With nothing added or dropped, copy the data that follows exactly.

▶ _Saved entries_:
==============================
lemma mass_conserved:
  assumes const: "matvec M (\<lambda>_. 1) = (\<lambda>_. 0)"
    and scheme: "\<And>i. v i - heat_semigroup M t u i - lam * v i + lam * mean v = lam * b i - lam * mean b"
  shows "ipw p (\<lambda>i. v i - u i) (\<lambda>_. 1) = 0"
proof -
  have mean_mult: "mean x * (\<Sum>i\<in>UNIV. p i) = (\<Sum>i\<in>UNIV. x i * p i)" for x
    using sum_pos[of UNIV p] weight_pos by (simp add: mean_def ipw_def)
  let ?m = "\<lambda>x. \<Sum>i\<in>UNIV. x i * p i"
  have "?m v - ?m (heat_semigroup M t u) - lam * ?m v + lam * (mean v * (\<Sum>i\<in>UNIV. p i))
      = (\<Sum>i\<in>UNIV. (v i - heat_semigroup M t u i - lam * v i + lam * mean v) * p i)"
    by (simp add: algebra_simps sum.distrib sum_subtractf sum_distrib_left sum_distrib_right)
  also have "\<dots> = (\<Sum>i\<in>UNIV. (lam * b i - lam * mean b) * p i)"
    by (simp add: scheme)
  also have "\<dots> = lam * ?m b - lam * (mean b * (\<Sum>i\<in>UNIV. p i))"
    by (simp add: algebra_simps sum.distrib sum_subtractf sum_distrib_left sum_distrib_right)
  finally have "?m v = ?m (heat_semigroup M t u)"
    by (simp add: mean_mult)
  then show ?thesis
    using ipw_heat_const[OF const, of t u]
    by (simp add: ipw_const_right left_diff_distrib sum_subtractf)
qed

lemma energy_decrease_eq:
  fixes u v :: "'v \<Rightarrow> real"
  defines "d \<equiv> \<lambda>i. v i - u i"
  assumes heat_u: "\<And>i. heat_semigroup M t u i = (1 - lam) * v i - lam * b i + c"
    and mass: "ipw p d (\<lambda>_. 1) = 0"
  shows "energy lam t u - energy lam t v
    = (1 - lam) * ipw p d d + ipw p d (heat_semigroup M t d) - 2 * lam * ipw p d b"
proof -
  define a where "a = heat_semigroup M t u"
  define D where "D = heat_semigroup M t d"
  have heat_v: "heat_semigroup M t v = (\<lambda>i. a i + D i)"
    using heat_semigroup_add[of M t u d] by (simp add: a_def D_def d_def)
  have "ipw p u D = ipw p d a"
    using ipw_heat_selfadjoint[of t u d] by (simp add: a_def D_def ipw_commute)
  then have cross: "(\<Sum>i\<in>UNIV. u i * D i * p i) = (\<Sum>i\<in>UNIV. d i * a i * p i)"
    by (simp add: ipw_def)
  define L where "L i = p i * (lam * (u i * (1 - u i)) + (u i * u i - u i * a i)
    - (lam * (v i * (1 - v i)) + (v i * v i - v i * (a i + D i))))" for i
  define R where "R i = p i * ((1 - lam) * (d i * d i) + d i * D i - 2 * lam * (d i * b i))" for i
  \<comment> \<open>after inserting heat_u, the remainder is a multiple of d plus the cross terms,
    which vanish by mass conservation and self-adjointness\<close>
  have pointwise: "L i = R i + (2 * c - lam) * (d i * p i) + (u i * D i * p i - d i * a i * p i)" for i
    unfolding L_def R_def d_def a_def heat_u by (simp add: algebra_simps)
  have "energy lam t u - energy lam t v = (\<Sum>i\<in>UNIV. L i)"
    unfolding energy_def heat_v L_def ipw_def a_def
    by (simp add: sum_subtractf sum.distrib sum_distrib_left algebra_simps)
  also have "\<dots> = (\<Sum>i\<in>UNIV. R i)"
    using mass cross
    by (simp add: pointwise sum.distrib sum_subtractf sum_distrib_left[symmetric] ipw_const_right)
  also have "\<dots> = (1 - lam) * ipw p d d + ipw p d D - 2 * lam * ipw p d b"
    unfolding R_def ipw_def by (simp add: sum_subtractf sum.distrib sum_distrib_left algebra_simps)
  finally show ?thesis
    by (simp add: D_def)
qed
(* For every sequence $s\in\mathbb Z_{\ge0}^n$, the set of $s$-Tamari trees forms a sublattice of the $s$-weak order.
   Context: Let $s=(s(1),\dots,s(n))\in\mathbb Z_{\ge0}^n$. An $s$-decreasing tree is a planar rooted tree with $n$ internal nodes labeled bijectively by $1,\dots,n$ (leaves unlabeled), the node $i$ having exactly $s(i)+1$ ordered children (subtrees numbered $0,\dots,s(i)$ left to right), labels decreasing from the root. For $a<b$, $\mathrm{card}_T(b,a)$ is $k$ if $a$ lies in the $k$-th child subtree of $b$, $0$ if $a$ is not a descendant of $b$ and lies to the left of $b$, and $s(b)$ if $a$ is not a descendant of $b$ and lies to the right of $b$. The $s$-weak order: $T\le T'$ iff $\mathrm{card}_T(b,a)\le\mathrm{card}_{T'}(b,a)$ for all $a<b$; it is a lattice. An $s$-Tamari tree is an $s$-decreasing tree $T$ with $\mathrm{card}_T(c,a)\le\mathrm{card}_T(c,b)$ for all $1\le a<b<c\le n$. *)

theory Defs
  imports Main
begin

text \<open>Planar rooted trees: leaves are unlabeled, internal nodes carry a label
and an ordered list of children (child subtrees numbered 0,1,... left to right).\<close>
datatype tr = Leaf | Node nat "tr list"

inductive at :: "tr \<Rightarrow> nat \<Rightarrow> nat list \<Rightarrow> bool" where
  at_root: "at (Node x ts) x []"
| at_child: "i < length ts \<Longrightarrow> at (ts ! i) y p \<Longrightarrow> at (Node x ts) y (i # p)"

fun arity_ok :: "(nat \<Rightarrow> nat) \<Rightarrow> tr \<Rightarrow> bool" where
  "arity_ok s Leaf = True"
| "arity_ok s (Node x ts) = (length ts = s x + 1 \<and> (\<forall>t\<in>set ts. arity_ok s t))"

fun decr :: "tr \<Rightarrow> bool" where
  "decr Leaf = True"
| "decr (Node x ts) =
     (\<forall>t\<in>set ts. decr t \<and> (case t of Leaf \<Rightarrow> True | Node y _ \<Rightarrow> y < x))"

definition s_decreasing :: "nat \<Rightarrow> (nat \<Rightarrow> nat) \<Rightarrow> tr \<Rightarrow> bool" where
  "s_decreasing n s T \<longleftrightarrow>
     {x. \<exists>p. at T x p} = {1..n} \<and>
     (\<forall>x p q. at T x p \<longrightarrow> at T x q \<longrightarrow> p = q) \<and>
     arity_ok s T \<and> decr T"

definition addr :: "tr \<Rightarrow> nat \<Rightarrow> nat list" where
  "addr T x = (THE p. at T x p)"

definition left_of :: "nat list \<Rightarrow> nat list \<Rightarrow> bool" where
  "left_of pa pb \<longleftrightarrow> (\<exists>c i j u v. i < j \<and> pa = c @ i # u \<and> pb = c @ j # v)"

definition tcard :: "(nat \<Rightarrow> nat) \<Rightarrow> tr \<Rightarrow> nat \<Rightarrow> nat \<Rightarrow> nat" where
  "tcard s T b a =
     (let pb = addr T b; pa = addr T a in
      if length pb < length pa \<and> take (length pb) pa = pb then pa ! length pb
      else if left_of pa pb then 0 else s b)"

definition s_weak_le :: "nat \<Rightarrow> (nat \<Rightarrow> nat) \<Rightarrow> tr \<Rightarrow> tr \<Rightarrow> bool" where
  "s_weak_le n s T T' \<longleftrightarrow>
     (\<forall>a b. 1 \<le> a \<longrightarrow> a < b \<longrightarrow> b \<le> n \<longrightarrow> tcard s T b a \<le> tcard s T' b a)"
==============================
▶ _Task response_:
lemma mass_conserved:
  assumes const: "matvec M (\<lambda>_. 1) = (\<lambda>_. 0)"
    and scheme: "\<And>i. v i - heat_semigroup M t u i - lam * v i + lam * mean v = lam * b i - lam * mean b"
  shows "ipw p (\<lambda>i. v i - u i) (\<lambda>_. 1) = 0"
proof -
  have mean_mult: "mean x * (\<Sum>i\<in>UNIV. p i) = (\<Sum>i\<in>UNIV. x i * p i)" for x
    using sum_pos[of UNIV p] weight_pos by (simp add: mean_def ipw_def)
  let ?m = "\<lambda>x. \<Sum>i\<in>UNIV. x i * p i"
  have "?m v - ?m (heat_semigroup M t u) - lam * ?m v + lam * (mean v * (\<Sum>i\<in>UNIV. p i))
      = (\<Sum>i\<in>UNIV. (v i - heat_semigroup M t u i - lam * v i + lam * mean v) * p i)"
    by (simp add: algebra_simps sum.distrib sum_subtractf sum_distrib_left sum_distrib_right)
  also have "\<dots> = (\<Sum>i\<in>UNIV. (lam * b i - lam * mean b) * p i)"
    by (simp add: scheme)
  also have "\<dots> = lam * ?m b - lam * (mean b * (\<Sum>i\<in>UNIV. p i))"
    by (simp add: algebra_simps sum.distrib sum_subtractf sum_distrib_left sum_distrib_right)
  finally have "?m v = ?m (heat_semigroup M t u)"
    by (simp add: mean_mult)
  then show ?thesis
    using ipw_heat_const[OF const, of t u]
    by (simp add: ipw_const_right left_diff_distrib sum_subtractf)
qed

lemma energy_decrease_eq:
  fixes u v :: "'v \<Rightarrow> real"
  defines "d \<equiv> \<lambda>i. v i - u i"
  assumes heat_u: "\<And>i. heat_semigroup M t u i = (1 - lam) * v i - lam * b i + c"
    and mass: "ipw p d (\<lambda>_. 1) = 0"
  shows "energy lam t u - energy lam t v
    = (1 - lam) * ipw p d d + ipw p d (heat_semigroup M t d) - 2 * lam * ipw p d b"
proof -
  define a where "a = heat_semigroup M t u"
  define D where "D = heat_semigroup M t d"
  have heat_v: "heat_semigroup M t v = (\<lambda>i. a i + D i)"
    using heat_semigroup_add[of M t u d] by (simp add: a_def D_def d_def)
  have "ipw p u D = ipw p d a"
    using ipw_heat_selfadjoint[of t u d] by (simp add: a_def D_def ipw_commute)
  then have cross: "(\<Sum>i\<in>UNIV. u i * D i * p i) = (\<Sum>i\<in>UNIV. d i * a i * p i)"
    by (simp add: ipw_def)
  define L where "L i = p i * (lam * (u i * (1 - u i)) + (u i * u i - u i * a i)
    - (lam * (v i * (1 - v i)) + (v i * v i - v i * (a i + D i))))" for i
  define R where "R i = p i * ((1 - lam) * (d i * d i) + d i * D i - 2 * lam * (d i * b i))" for i
  \<comment> \<open>after inserting heat_u, the remainder is a multiple of d plus the cross terms,
    which vanish by mass conservation and self-adjointness\<close>
  have pointwise: "L i = R i + (2 * c - lam) * (d i * p i) + (u i * D i * p i - d i * a i * p i)" for i
    unfolding L_def R_def d_def a_def heat_u by (simp add: algebra_simps)
  have "energy lam t u - energy lam t v = (\<Sum>i\<in>UNIV. L i)"
    unfolding energy_def heat_v L_def ipw_def a_def
    by (simp add: sum_subtractf sum.distrib sum_distrib_left algebra_simps)
  also have "\<dots> = (\<Sum>i\<in>UNIV. R i)"
    using mass cross
    by (simp add: pointwise sum.distrib sum_subtractf sum_distrib_left[symmetric] ipw_const_right)
  also have "\<dots> = (1 - lam) * ipw p d d + ipw p d D - 2 * lam * ipw p d b"
    unfolding R_def ipw_def by (simp add: sum_subtractf sum.distrib sum_distrib_left algebra_simps)
  finally show ?thesis
    by (simp add: D_def)
qed
(* For every sequence $s\in\mathbb Z_{\ge0}^n$, the set of $s$-Tamari trees forms a sublattice of the $s$-weak order.
   Context: Let $s=(s(1),\dots,s(n))\in\mathbb Z_{\ge0}^n$. An $s$-decreasing tree is a planar rooted tree with $n$ internal nodes labeled bijectively by $1,\dots,n$ (leaves unlabeled), the node $i$ having exactly $s(i)+1$ ordered children (subtrees numbered $0,\dots,s(i)$ left to right), labels decreasing from the root. For $a<b$, $\mathrm{card}_T(b,a)$ is $k$ if $a$ lies in the $k$-th child subtree of $b$, $0$ if $a$ is not a descendant of $b$ and lies to the left of $b$, and $s(b)$ if $a$ is not a descendant of $b$ and lies to the right of $b$. The $s$-weak order: $T\le T'$ iff $\mathrm{card}_T(b,a)\le\mathrm{card}_{T'}(b,a)$ for all $a<b$; it is a lattice. An $s$-Tamari tree is an $s$-decreasing tree $T$ with $\mathrm{card}_T(c,a)\le\mathrm{card}_T(c,b)$ for all $1\le a<b<c\le n$. *)

theory Defs
  imports Main
begin

text \<open>Planar rooted trees: leaves are unlabeled, internal nodes carry a label
and an ordered list of children (child subtrees numbered 0,1,... left to right).\<close>
datatype tr = Leaf | Node nat "tr list"

inductive at :: "tr \<Rightarrow> nat \<Rightarrow> nat list \<Rightarrow> bool" where
  at_root: "at (Node x ts) x []"
| at_child: "i < length ts \<Longrightarrow> at (ts ! i) y p \<Longrightarrow> at (Node x ts) y (i # p)"

fun arity_ok :: "(nat \<Rightarrow> nat) \<Rightarrow> tr \<Rightarrow> bool" where
  "arity_ok s Leaf = True"
| "arity_ok s (Node x ts) = (length ts = s x + 1 \<and> (\<forall>t\<in>set ts. arity_ok s t))"

fun decr :: "tr \<Rightarrow> bool" where
  "decr Leaf = True"
| "decr (Node x ts) =
     (\<forall>t\<in>set ts. decr t \<and> (case t of Leaf \<Rightarrow> True | Node y _ \<Rightarrow> y < x))"

definition s_decreasing :: "nat \<Rightarrow> (nat \<Rightarrow> nat) \<Rightarrow> tr \<Rightarrow> bool" where
  "s_decreasing n s T \<longleftrightarrow>
     {x. \<exists>p. at T x p} = {1..n} \<and>
     (\<forall>x p q. at T x p \<longrightarrow> at T x q \<longrightarrow> p = q) \<and>
     arity_ok s T \<and> decr T"

definition addr :: "tr \<Rightarrow> nat \<Rightarrow> nat list" where
  "addr T x = (THE p. at T x p)"

definition left_of :: "nat list \<Rightarrow> nat list \<Rightarrow> bool" where
  "left_of pa pb \<longleftrightarrow> (\<exists>c i j u v. i < j \<and> pa = c @ i # u \<and> pb = c @ j # v)"

definition tcard :: "(nat \<Rightarrow> nat) \<Rightarrow> tr \<Rightarrow> nat \<Rightarrow> nat \<Rightarrow> nat" where
  "tcard s T b a =
     (let pb = addr T b; pa = addr T a in
      if length pb < length pa \<and> take (length pb) pa = pb then pa ! length pb
      else if left_of pa pb then 0 else s b)"

definition s_weak_le :: "nat \<Rightarrow> (nat \<Rightarrow> nat) \<Rightarrow> tr \<Rightarrow> tr \<Rightarrow> bool" where
  "s_weak_le n s T T' \<longleftrightarrow>
     (\<forall>a b. 1 \<le> a \<longrightarrow> a < b \<longrightarrow> b \<le> n \<longrightarrow> tcard s T b a \<le> tcard s T' b a)"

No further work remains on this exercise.